*PROMPT:*
Lines from the one containing "using Rats_dense_in_real[of c" through the end of the entries below: set them down exactly, both ends included, with nothing added.

---- RECORDED DATA

text \<open>Split off a global minimum \<open>\<mu>\<close> attained at \<open>t\<close>: the remainder \<open>s - \<mu>\<close> has a
  double root at \<open>t\<close>.\<close>
lemma nonneg_poly_decompose:
  fixes s :: "real poly"
  assumes nonneg: "\<And>x. poly s x \<ge> 0" and deg: "degree s > 0"
  obtains \<mu> t s' where "\<mu> \<ge> 0" "\<And>x. poly s' x \<ge> 0" "degree s = degree s' + 2"
    "s = [:\<mu>:] + [:-t, 1:]\<^sup>2 * s'"
proof -
  obtain t where min: "\<And>x. poly s t \<le> poly s x"
    using poly_nonneg_attains_min[OF nonneg deg] by blast
  define \<mu> where "\<mu> = poly s t"
  have "poly (pderiv s) t = 0"
    by (rule DERIV_local_min[OF poly_DERIV zero_less_one]) (auto intro: min)
  then have "[:-t, 1:]\<^sup>2 dvd s - [:\<mu>:]"
    by (intro linear_square_dvd_of_double_root) (simp_all add: \<mu>_def pderiv_diff pderiv_pCons)
  then obtain s' where s': "s = [:\<mu>:] + [:-t, 1:]\<^sup>2 * s'"
    by (auto elim!: dvdE simp: algebra_simps)
  have "s' \<noteq> 0" using s' deg by auto
  then have "degree s = degree s' + 2"
    unfolding s' by (subst degree_add_eq_right) (simp_all add: degree_mult_eq degree_linear_power)
  have ps: "poly s x = \<mu> + (x - t)\<^sup>2 * poly s' x" for x
    unfolding s' by simp
  have off_t: "poly s' x \<ge> 0" if "x \<noteq> t" for x
    using min[of x] ps[of x] that by (simp add: \<mu>_def zero_le_mult_iff)
  have "eventually (\<lambda>x. poly s' x \<ge> 0) (at t)"
    unfolding eventually_at_filter by (auto intro: always_eventually off_t)
  then have "poly s' t \<ge> 0"
    by (intro tendsto_lowerbound[OF isContD[OF poly_isCont]]) simp_all
  then have "poly s' x \<ge> 0" for x
    using off_t by (cases "x = t") auto
  moreover have "\<mu> \<ge> 0" using nonneg by (simp add: \<mu>_def)
  ultimately show ?thesis using that s' \<open>degree s = degree s' + 2\<close> by blast
qed

lemma rat_tendsto_from_above:
  fixes c :: real
  obtains q :: "nat \<Rightarrow> rat" where "\<And>n. of_rat (q n) > c" "(\<lambda>n. of_rat (q n)) \<longlonglongrightarrow> c"
proof -
  have "\<exists>q::rat. c < of_rat q \<and> of_rat q < c + inverse (real (Suc n))" for n
    using Rats_dense_in_real[of c "c + inverse (real (Suc n))"] by (auto elim: Rats_cases)
  then obtain q :: "nat \<Rightarrow> rat" where q: "\<And>n. c < of_rat (q n) \<and> of_rat (q n) < c + inverse (real (Suc n))"
    by metis
  have "(\<lambda>n. c + inverse (real (Suc n))) \<longlonglongrightarrow> c"
    using tendsto_add[OF tendsto_const LIMSEQ_inverse_real_of_nat, of c] by simp
  then have "(\<lambda>n. of_rat (q n)) \<longlonglongrightarrow> c"
    by (rule tendsto_sandwich[rotated 2, OF tendsto_const]) (use q in \<open>auto intro: always_eventually less_imp_le\<close>)
  then show ?thesis using q that by blast
qed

--------

*ANSWER AREA:*
    using Rats_dense_in_real[of c "c + inverse (real (Suc n))"] by (auto elim: Rats_cases)
  then obtain q :: "nat \<Rightarrow> rat" where q: "\<And>n. c < of_rat (q n) \<and> of_rat (q n) < c + inverse (real (Suc n))"
    by metis
  have "(\<lambda>n. c + inverse (real (Suc n))) \<longlonglongrightarrow> c"
    using tendsto_add[OF tendsto_const LIMSEQ_inverse_real_of_nat, of c] by simp
  then have "(\<lambda>n. of_rat (q n)) \<longlonglongrightarrow> c"
    by (rule tendsto_sandwich[rotated 2, OF tendsto_const]) (use q in \<open>auto intro: always_eventually less_imp_le\<close>)
  then show ?thesis using q that by blast
qed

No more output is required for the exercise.